The efficiency of encapsulation, the control of leaks during storage, the kinetic stability over time and the release dynamics of the encapsulated compound in liposomal systems mainly depend on the membrane packing characteristics, such as the thickness, fluidity, permeability and rotational mobility of phospholipids and the packing density. The molecular interactions between the encapsulated compound and the vesicle components are highly relevant when explaining the mechanisms involved in both the compound load and release [21].

Liposomal encapsulation has been used to incorporate essential oils, or their constituents, into hydrophilic systems, such as hydrocolloid aqueous solutions for film formation, in order to limit the emulsion destabilisation phenomena (droplet flocculation, coalescence or creaming); this leads to an accelerated loss of the active compound during the film drying step, with the subsequent reduction in the bioactivity of the material [22,23]. Previous studies into starch–gellan films containing liposome-encapsulated thyme essential oil [8] and chitosan films with liposome-encapsulated eugenol or cinnamon leaf essential oil [23] reported an increase in the retention of the active compound in the dried polymer films, with a notable increase in the bioactivity of the material. However, a partial release of the active compound during the film drying step and the formation of new phospholipid associations were also reported. The structural rearrangement of lipid membranes is associated with the changes in the molecular interactions in the system associated with water loss, which leads to a new thermodynamic state with minimal free energy (lyotropic mesomorphism) [15,16].

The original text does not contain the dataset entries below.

(* Let $a>1$, $C_j(n,a)=\binom{n}{j}\left(\frac{1+a}{2}\right)^{n-j}\left(\frac{1-a}{2}\right)^j$ and $b_j=-\frac{i}{\sqrt2}(1-\frac{2j}{n})$. Then for every $g\in\mathtt{F}(\mathbb{C})$ there exists a unique $f\in\mathtt{F}(\mathbb{C})$ such that for every $z\in\mathbb{C}$, $$g(z)=\lim_{n\to\infty}\sum_{j=0}^nC_j(n,a)\mathcal{W}_{b_j}[f](z).$$
   Context: $\mathtt{F}(\mathbb{C})$ is the Fock space of entire functions $f$ with $\frac1\pi\int_{\mathbb{C}}|f(z)|^2e^{-|z|^2}d\lambda(z)<\infty$. For $c\in\mathbb{C}$ the Weyl operator is $\mathcal{W}_cf(z)=f(z-c)e^{z\bar c-|c|^2/2}$. *)

theory Defs
  imports "HOL-Analysis.Analysis"
begin

text \<open>Fock space: entire functions with finite Gaussian-weighted L2 norm
  (the factor 1/pi does not affect finiteness).\<close>
definition fock :: "(complex \<Rightarrow> complex) \<Rightarrow> bool" where
  "fock f \<longleftrightarrow> f holomorphic_on UNIV \<and>
     integrable lborel (\<lambda>z::complex. (cmod (f z))\<^sup>2 * exp (- (cmod z)\<^sup>2))"

definition weyl :: "complex \<Rightarrow> (complex \<Rightarrow> complex) \<Rightarrow> complex \<Rightarrow> complex" where
  "weyl c f z = f (z - c) * exp (z * cnj c - complex_of_real ((cmod c)\<^sup>2 / 2))"

definition Ccoef :: "nat \<Rightarrow> nat \<Rightarrow> real \<Rightarrow> real" where
  "Ccoef j n a = real (n choose j) * ((1 + a) / 2) ^ (n - j) * ((1 - a) / 2) ^ j"

definition bcoef :: "nat \<Rightarrow> nat \<Rightarrow> complex" where
  "bcoef n j = - (\<i> / complex_of_real (sqrt 2)) * (1 - 2 * of_nat j / of_nat n)"

end

theory Submission
  imports Defs "HOL-Complex_Analysis.Cauchy_Integral_Formula"
begin

text \<open>
  Put \<open>c = -\<i> a / \<surd>2\<close>. For fixed \<open>z\<close>, the function \<open>F(s) = \<W>\<^bsub>-\<i> s/\<surd>2\<^esub> f (z)\<close> of a real
  variable \<open>s\<close> extends to an entire function, and the sum in the theorem is
  \<open>\<Sum>\<^sub>j C\<^sub>j(n,a) F(1 - 2j/n)\<close>. The exponential generating function of the moments
  \<open>\<Sum>\<^sub>j C\<^sub>j(n,a) (n - 2j)\<^sup>k\<close> is \<open>(cosh t + a sinh t)\<^sup>n\<close>; comparing it coefficientwise
  with \<open>e\<^sup>n\<^sup>a\<^sup>t\<close> and expanding it binomially shows that the moments
  \<open>\<Sum>\<^sub>j C\<^sub>j(n,a) (1 - 2j/n)\<^sup>k\<close> are bounded by \<open>a\<^sup>k\<close> and tend to \<open>a\<^sup>k\<close>. Tannery's theorem
  applied to the Taylor series of \<open>F\<close> then gives the limit \<open>F(a) = \<W>\<^sub>c f (z)\<close>.
  Since \<open>\<W>\<^sub>c\<close> maps the Fock space onto itself with inverse \<open>\<W>\<^bsub>-c\<^esub>\<close>, the unique solution
  is \<open>f = \<W>\<^bsub>-c\<^esub> g\<close>.
\<close>

no_notation vec_nth (infixl "$" 90)
notation fps_nth (infixl "$" 75)

lemma abs_fps_power_nth_le:
  fixes X Y :: "'a::linordered_idom fps"
  assumes "\<And>i. \<bar>X $ i\<bar> \<le> Y $ i"
  shows "\<bar>(X ^ n) $ k\<bar> \<le> (Y ^ n) $ k"
proof (induction n arbitrary: k)
  case 0
  then show ?case by (simp add: fps_one_nth)
next
  case (Suc n)
  have "\<bar>(X ^ Suc n) $ k\<bar> = \<bar>\<Sum>i=0..k. X $ i * (X ^ n) $ (k - i)\<bar>"
    by (simp add: fps_mult_nth)
  also have "\<dots> \<le> (\<Sum>i=0..k. \<bar>X $ i\<bar> * \<bar>(X ^ n) $ (k - i)\<bar>)"
    by (rule order_trans[OF sum_abs]) (simp add: abs_mult)
  also have "\<dots> \<le> (\<Sum>i=0..k. Y $ i * (Y ^ n) $ (k - i))"
    by (intro sum_mono mult_mono assms Suc.IH) (auto intro: order_trans[OF abs_ge_zero assms])
  also have "\<dots> = (Y ^ Suc n) $ k"
    by (simp add: fps_mult_nth)
  finally show ?case .
qed
lemma AE_suminf_finite_if_bounded_nn_integrals:
  fixes W :: "nat \<Rightarrow> 'a \<Rightarrow> ennreal" and a :: "nat \<Rightarrow> real"
  assumes W_meas: "\<And>k. W k \<in> borel_measurable N" and W_bound: "\<And>k. integral\<^sup>N N (W k) \<le> ennreal B"
    and "summable a" and a_nonneg: "\<And>k. 0 \<le> a k"
  shows "AE \<omega> in N. (\<Sum>k. ennreal (a k) * W k \<omega>) < \<infinity>"
proof -
  have "(\<integral>\<^sup>+ \<omega>. (\<Sum>k. ennreal (a k) * W k \<omega>) \<partial>N) = (\<Sum>k. ennreal (a k) * integral\<^sup>N N (W k))"
    using W_meas by (simp add: nn_integral_suminf nn_integral_cmult)
  also have "\<dots> \<le> (\<Sum>k. ennreal B * ennreal (a k))"
    using W_bound by (intro suminf_le) (auto simp: mult.commute[of "ennreal B"] intro: mult_left_mono)
  also have "\<dots> = ennreal B * ennreal (\<Sum>k. a k)"
    using assms by (simp add: suminf_ennreal2)
  also have "\<dots> < \<infinity>" by (simp add: ennreal_mult_less_top)
  finally have "(\<integral>\<^sup>+ \<omega>. (\<Sum>k. ennreal (a k) * W k \<omega>) \<partial>N) \<noteq> \<infinity>" by simp
  with W_meas have "AE \<omega> in N. (\<Sum>k. ennreal (a k) * W k \<omega>) \<noteq> \<infinity>"
    by (intro nn_integral_PInf_AE) auto
  then show ?thesis by (rule eventually_mono) (simp add: top.not_eq_extremum)
qed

The characteristics of liposomes, depending on their composition, as well as their kinetic stability, have been widely studied in aqueous media [24,25,26,27]. However, the stability of liposomal structures and their encapsulation capacity when incorporated into polymer solutions and matrices are still issues to be addressed, given how interesting they are for the purposes of developing active polymeric materials. In this sense, the objective of this study was to characterise liposomal systems obtained with different lipid compositions (different lecithins), encapsulating carvacrol, by using different processing methods (rotor–stator homogenisation and sonication). Likewise, the different liposomal systems were incorporated into two types of PVA polymeric matrices (fully (F) and partially (P) hydrolysed) to obtain active films by casting. The degree of carvacrol retention in the films after the film drying step was analysed as well as their microstructure. The efficiency of the different lecithin at promoting carvacrol retention in the film was analysed in each polymeric matrix in order to identify the best lecithin–PVA combination for the obtaining of carvacrol-rich films.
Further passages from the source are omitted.